Work instructions. When a line in the entries contains the word "image", copy that line in full.

Entries shown.

section \<open>Coordinates adapted to a triangle\<close>

lemma triangle_coordinates:
  assumes "triangle l1 l2 l3"
  obtains w1 w2 w3 where "l1 = pline w1" "l2 = pline w2" "l3 = pline w3"
    "dot3 w1 (cross3 w2 w3) \<noteq> 0"
    "vertex l1 l2 = ppoint (cross3 w1 w2)" "vertex l1 l3 = ppoint (cross3 w3 w1)"
proof -
  obtain w1 w2 w3 where w: "w1 \<noteq> zero3" "l1 = pline w1" "w2 \<noteq> zero3" "l2 = pline w2"
    "w3 \<noteq> zero3" "l3 = pline w3"
    using assms unfolding triangle_def by (metis PG2_lines_elem)
  have distinct: "l1 \<noteq> l2" "l1 \<noteq> l3" and no_common: "l1 \<inter> l2 \<inter> l3 = {}"
    using assms by (auto simp: triangle_def)
  have "vertex l1 l2 = ppoint (cross3 w1 w2)" "cross3 w1 w2 \<noteq> zero3"
    using vertex_pline[of w1 w2] w distinct by auto
  moreover have "vertex l1 l3 = ppoint (cross3 w3 w1)"
    using vertex_pline[of w3 w1] w distinct by (auto simp: vertex_commute)
  moreover have "dot3 w1 (cross3 w2 w3) \<noteq> 0"
  proof
    assume "dot3 w1 (cross3 w2 w3) = 0"
    then have "dot3 w3 (cross3 w1 w2) = 0" by (metis det3_rotate)
    then have "ppoint (cross3 w1 w2) \<in> l1 \<inter> l2 \<inter> l3"
      using \<open>cross3 w1 w2 \<noteq> zero3\<close> w by (simp add: ppoint_in_pline_iff dot3_cross3_self)
    then show False using no_common by blast
  qed
  ultimately show thesis using that w by blast
qed

lemma side_spanned_by_vertices:
  assumes D: "dot3 w1 (cross3 w2 w3) \<noteq> 0" and "dot3 w1 v = 0"
  shows "v = lincomb3 (dot3 w3 v / dot3 w1 (cross3 w2 w3)) (cross3 w1 w2)
                      (dot3 w2 v / dot3 w1 (cross3 w2 w3)) (cross3 w3 w1)"
proof -
  have "v = smult3 (1 / dot3 w1 (cross3 w2 w3)) (smult3 (dot3 w1 (cross3 w2 w3)) v)"
    using D by (simp add: smult3_smult3 smult3_1)
  also have "smult3 (dot3 w1 (cross3 w2 w3)) v = lincomb3 (dot3 w3 v) (cross3 w1 w2) (dot3 w2 v) (cross3 w3 w1)"
    using assms(2) smult3_det3_eq[of w1 w2 w3 v] lincomb3_commute[of "dot3 w2 v" "cross3 w3 w1"]
    by (simp add: lincomb3_left_0 smult3_1)
  finally show ?thesis by (simp add: smult3_lincomb3)
qed

lemma side_point_coordinate:
  assumes D: "dot3 w1 (cross3 w2 w3) \<noteq> 0" and "dot3 w1 v = 0" and w3v: "dot3 w3 v \<noteq> 0"
  shows "ppoint v = ppoint (lincomb3 1 (cross3 w1 w2) (dot3 w2 v / dot3 w3 v) (cross3 w3 w1))"
proof -
  define k where "k = dot3 w3 v / dot3 w1 (cross3 w2 w3)"
  have "v = smult3 k (lincomb3 1 (cross3 w1 w2) (dot3 w2 v / dot3 w3 v) (cross3 w3 w1))"
    using side_spanned_by_vertices[OF assms(1,2)] D w3v by (simp add: k_def smult3_lincomb3)
  moreover have "k \<noteq> 0" using D w3v by (simp add: k_def)
  ultimately show ?thesis by (metis ppoint_smult3)
qed

lemma independent2_side_vertices:
  assumes D: "dot3 w1 (cross3 w2 w3) \<noteq> 0"
  shows "independent2 (cross3 w1 w2) (cross3 w3 w1)"
  unfolding independent2_def
proof (intro allI impI)
  fix x y assume "lincomb3 x (cross3 w1 w2) y (cross3 w3 w1) = zero3"
  then have "dot3 w3 (lincomb3 x (cross3 w1 w2) y (cross3 w3 w1)) = 0"
    "dot3 w2 (lincomb3 x (cross3 w1 w2) y (cross3 w3 w1)) = 0"
    by (simp_all add: dot3_zero3)
  then show "x = 0 \<and> y = 0"
    using D by (simp add: dot3_lincomb3 dot3_cross3_self det3_rotate[of w3] det3_rotate[of w2])
qed

definition line_basis :: "'a::field vec3 set set \<Rightarrow> 'a vec3 \<Rightarrow> 'a vec3 \<Rightarrow> bool" where
  "line_basis l a b \<longleftrightarrow> independent2 a b \<and> ppoint a \<in> l \<and> ppoint b \<in> l \<and>
     (\<forall>v. v \<noteq> zero3 \<longrightarrow> ppoint v \<in> l \<longrightarrow> (\<exists>x y. v = lincomb3 x a y b))"

lemma line_basis_side_vertices:
  assumes D: "dot3 w1 (cross3 w2 w3) \<noteq> 0"
  shows "line_basis (pline w1) (cross3 w1 w2) (cross3 w3 w1)"
proof -
  have indep: "independent2 (cross3 w1 w2) (cross3 w3 w1)" by (rule independent2_side_vertices[OF D])
  moreover have "ppoint (cross3 w1 w2) \<in> pline w1" "ppoint (cross3 w3 w1) \<in> pline w1"
    using independent2_nonzero(1,2)[OF indep] by (simp_all add: ppoint_in_pline_iff dot3_cross3_self)
  moreover have "\<exists>x y. v = lincomb3 x (cross3 w1 w2) y (cross3 w3 w1)"
    if "v \<noteq> zero3" "ppoint v \<in> pline w1" for v
    using side_spanned_by_vertices[OF D] ppoint_in_pline_iff[OF that(1)] that(2) by blast
  ultimately show ?thesis unfolding line_basis_def by blast
qed

lemma side_component_coordinates:
  fixes G :: "'a::field vec3 set set"
  assumes D: "dot3 w1 (cross3 w2 w3) \<noteq> 0" and side: "G \<subseteq> pline w1"
    and avoid: "pline w2 \<inter> G = {}" "pline w3 \<inter> G = {}"
  obtains T where "G = (\<lambda>t. ppoint (lincomb3 1 (cross3 w1 w2) t (cross3 w3 w1))) ` T"
    "card T = card G" "0 \<notin> T"
proof -
  define P where "P t = ppoint (lincomb3 1 (cross3 w1 w2) t (cross3 w3 w1))" for t
  define T where "T = {t. P t \<in> G}"
  have indep: "independent2 (cross3 w1 w2) (cross3 w3 w1)" by (rule independent2_side_vertices[OF D])
  have "G \<subseteq> P ` T"
  proof
    fix g assume g: "g \<in> G"
    then obtain v where v: "v \<noteq> zero3" "g = ppoint v" "dot3 w1 v = 0" using side pline_elem by blast
    then have "dot3 w3 v \<noteq> 0" using g avoid(2) ppoint_in_pline_iff by blast
    then have "g = P (dot3 w2 v / dot3 w3 v)" using side_point_coordinate[OF D v(3)] v by (simp add: P_def)
    then show "g \<in> P ` T" using g by (auto simp: T_def)
  qed
  then have image: "G = P ` T" by (auto simp: T_def)
  have "inj_on P T" by (rule inj_onI) (use ppoint_lincomb3_inj[OF indep] in \<open>simp add: P_def\<close>)
  then have "card T = card G" using image card_image by metis
  moreover have "0 \<notin> T"
  proof
    assume "0 \<in> T"
    moreover have "P 0 = ppoint (cross3 w1 w2)" by (simp add: P_def lincomb3_right_0 smult3_1)
    moreover have "ppoint (cross3 w1 w2) \<in> pline w2"
      using independent2_nonzero(1)[OF indep] by (simp add: ppoint_in_pline_iff dot3_cross3_self)
    ultimately show False using avoid(1) by (auto simp: T_def)
  qed
  ultimately show thesis using that image unfolding P_def by blast
qed

section \<open>Triangular dual 3-nets\<close>

lemma dual_3net_iff:
  "dual_3net G1 G2 G3 n \<longleftrightarrow>
     (\<forall>G\<in>{G1, G2, G3}. G \<subseteq> PG2_points \<and> finite G \<and> card G = n) \<and>
     G1 \<inter> G2 = {} \<and> G2 \<inter> G3 = {} \<and> G3 \<inter> G1 = {} \<and>
     (\<forall>l\<in>PG2_lines.
        (l \<inter> G1 \<noteq> {} \<and> l \<inter> G2 \<noteq> {}) \<or> (l \<inter> G2 \<noteq> {} \<and> l \<inter> G3 \<noteq> {}) \<or>
        (l \<inter> G3 \<noteq> {} \<and> l \<inter> G1 \<noteq> {}) \<longrightarrow>
        card (l \<inter> G1) = 1 \<and> card (l \<inter> G2) = 1 \<and> card (l \<inter> G3) = 1)"
  unfolding dual_3net_def Let_def by (simp add: Int_commute ball_conj_distrib conj_comms)

lemma dual_3net_rotate:
  assumes "dual_3net G1 G2 G3 n"
  shows "dual_3net G2 G3 G1 n"
  using assms unfolding dual_3net_iff by (simp add: insert_commute disj_comms conj_comms Int_commute)

lemma dual_3netD:
  assumes "dual_3net G1 G2 G3 n"
  shows "finite G1" "card G1 = n" "G1 \<inter> G2 = {}"
    and "\<And>l. l \<in> PG2_lines \<Longrightarrow> l \<inter> G1 \<noteq> {} \<Longrightarrow> l \<inter> G2 \<noteq> {} \<Longrightarrow>
           card (l \<inter> G1) = 1 \<and> card (l \<inter> G2) = 1 \<and> card (l \<inter> G3) = 1"
  using assms unfolding dual_3net_iff by auto

lemma dual_3net_side_avoids:
  assumes "dual_3net G1 G2 G3 n" "n \<ge> 2" "l \<in> PG2_lines" "G1 \<subseteq> l"
  shows "l \<inter> G2 = {}" "l \<inter> G3 = {}"
proof -
  have "l \<inter> G1 \<noteq> {}" using assms(2,4) dual_3netD(2)[OF assms(1)] by (auto simp: Int_absorb1)
  then have "card (l \<inter> G1) = 1" if "l \<inter> G2 \<noteq> {} \<or> l \<inter> G3 \<noteq> {}"
    using that dual_3netD(4)[OF assms(1) assms(3)]
      dual_3netD(4)[OF dual_3net_rotate[OF dual_3net_rotate[OF assms(1)]] assms(3)] by blast
  moreover have "card (l \<inter> G1) = n" using assms(4) dual_3netD(2)[OF assms(1)] by (simp add: Int_absorb1)
  ultimately show "l \<inter> G2 = {}" "l \<inter> G3 = {}" using assms(2) by force+
qed

lemma side_coordinates_product_relation:
  fixes G1 G2 G3 :: "'a::field vec3 set set"
  assumes net: "dual_3net G1 G2 G3 n" and D: "dot3 w1 (cross3 w2 w3) \<noteq> 0"
    and G1: "G1 = (\<lambda>t. ppoint (lincomb3 1 (cross3 w1 w2) t (cross3 w3 w1))) ` T"
    and G2: "G2 = (\<lambda>s. ppoint (lincomb3 1 (cross3 w2 w3) s (cross3 w1 w2))) ` S"
    and G3: "G3 = (\<lambda>r. ppoint (lincomb3 1 (cross3 w3 w1) r (cross3 w2 w3))) ` R"
  shows "\<forall>t\<in>T. \<forall>s\<in>S. \<exists>r\<in>R. t * s * r = -1"
proof (intro ballI)
  fix t s assume "t \<in> T" "s \<in> S"
  define u where "u = lincomb3 1 (cross3 w1 w2) t (cross3 w3 w1)"
  define v where "v = lincomb3 1 (cross3 w2 w3) s (cross3 w1 w2)"
  have D': "dot3 w2 (cross3 w3 w1) \<noteq> 0" "dot3 w3 (cross3 w1 w2) \<noteq> 0"
    using D by (metis det3_rotate)+
  have "u \<noteq> zero3" "v \<noteq> zero3"
    unfolding u_def v_def using independent2_nonzero(3) independent2_side_vertices D D'(1) by blast+
  have "ppoint u \<in> G1" "ppoint v \<in> G2" using \<open>t \<in> T\<close> \<open>s \<in> S\<close> G1 G2 by (auto simp: u_def v_def)
  then have "cross3 u v \<noteq> zero3"
    using ppoint_eq_if_cross3_eq_zero3[OF \<open>u \<noteq> zero3\<close> \<open>v \<noteq> zero3\<close>] dual_3netD(3)[OF net] by auto
  then have line: "pline (cross3 u v) \<in> PG2_lines" unfolding PG2_lines_def by blast
  moreover have "ppoint u \<in> pline (cross3 u v)" "ppoint v \<in> pline (cross3 u v)"
    using \<open>u \<noteq> zero3\<close> \<open>v \<noteq> zero3\<close> by (simp_all add: ppoint_in_pline_iff dot3_cross3_self dot3_commute)
  ultimately have "pline (cross3 u v) \<inter> G1 \<noteq> {}" "pline (cross3 u v) \<inter> G2 \<noteq> {}"
    using \<open>ppoint u \<in> G1\<close> \<open>ppoint v \<in> G2\<close> by blast+
  then have "card (pline (cross3 u v) \<inter> G3) = 1"
    using dual_3netD(4)[OF net line] by simp
  then obtain x where "pline (cross3 u v) \<inter> G3 = {x}" by (rule card_1_singletonE)
  then have "x \<in> G3" "x \<in> pline (cross3 u v)" by auto
  then obtain r where "r \<in> R" and r: "ppoint (lincomb3 1 (cross3 w3 w1) r (cross3 w2 w3)) \<in> pline (cross3 u v)"
    unfolding G3 by blast
  have "lincomb3 1 (cross3 w3 w1) r (cross3 w2 w3) \<noteq> zero3"
    using independent2_nonzero(3)[OF independent2_side_vertices[OF D'(2)]] .
  then have "dot3 (cross3 u v) (lincomb3 1 (cross3 w3 w1) r (cross3 w2 w3)) = 0"
    using r by (simp add: ppoint_in_pline_iff)
  then have "(1 + t * s * r) * (dot3 w1 (cross3 w2 w3))\<^sup>2 = 0"
    by (simp add: u_def v_def det3_side_points)
  then have "t * s * r = -1" using D by (simp add: add_eq_0_iff)
  then show "\<exists>r\<in>R. t * s * r = -1" using \<open>r \<in> R\<close> by blast
qed
lemma Xi_mat_zigzag_diag:
  assumes "i < l"
  shows "Xi_mat l s $$ (zigzag l i, zigzag l i) = [:xi_centre l [:0, 1:] 1 i, [:s:]:]"
proof (rule zigzag_cases[of i l])
  fix m assume i: "i = 2 * m" "zigzag l i = (if i < l then m else i)"
  then have \<sigma>: "zigzag l i = m"
    using assms by simp
  show ?thesis
  proof (cases "l = 2 * m + 1")
    case True
    with i \<sigma> show ?thesis
      by (simp add: Xi_mat_entry xi_centre_def)
  next
    case False
    with i \<sigma> assms show ?thesis
      by (auto simp: Xi_mat_entry xi_centre_def)
  qed
next
  fix m assume i: "i = 2 * m + 1" "zigzag l i = (if i < l then l - 1 - m else i)"
  then have \<sigma>: "zigzag l i = l - 1 - m"
    using assms by simp
  show ?thesis
  proof (cases "l = 2 * m + 2")
    case True
    then have "l - (l - 1 - m) = l div 2"
      by simp
    with True i \<sigma> show ?thesis
      by (simp add: Xi_mat_entry xi_centre_def of_nat_poly)
  next
    case False
    with i \<sigma> assms show ?thesis
      by (auto simp: Xi_mat_entry xi_centre_def)
  qed
qed

lemma Xi_mat_zigzag_weight:
  assumes "Suc k < l"
  shows "Xi_mat l s $$ (zigzag l k, zigzag l (Suc k)) * Xi_mat l s $$ (zigzag l (Suc k), zigzag l k)
    = [:xi_weight l [:0, 1:] 1 k:]"
proof (rule zigzag_cases[of k l])
  fix m assume k: "k = 2 * m"
  define d where "d = l - (2 * m + 2)"
  have l: "l = 2 * m + 2 + d"
    using assms k unfolding d_def by simp
  have "zigzag l k = m" "zigzag l (Suc k) = m + 1 + d"
    using k by (simp_all add: l zigzag_def)
  then show ?thesis
    using k by (simp add: l Xi_mat_entry xi_weight_def power2_eq_square)
next
  fix m assume k: "k = 2 * m + 1"
  define d where "d = l - (2 * m + 3)"
  have l: "l = 2 * m + 3 + d"
    using assms k unfolding d_def by simp
  have "zigzag l k = m + 2 + d" "zigzag l (Suc k) = Suc m"
    using k by (simp_all add: l zigzag_def)
  then show ?thesis
    using k by (simp add: l Xi_mat_entry xi_weight_def of_nat_poly algebra_simps)
qed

Result below.
  then have image: "G = P ` T" by (auto simp: T_def)
  then have "card T = card G" using image card_image by metis
  ultimately show thesis using that image unfolding P_def by blast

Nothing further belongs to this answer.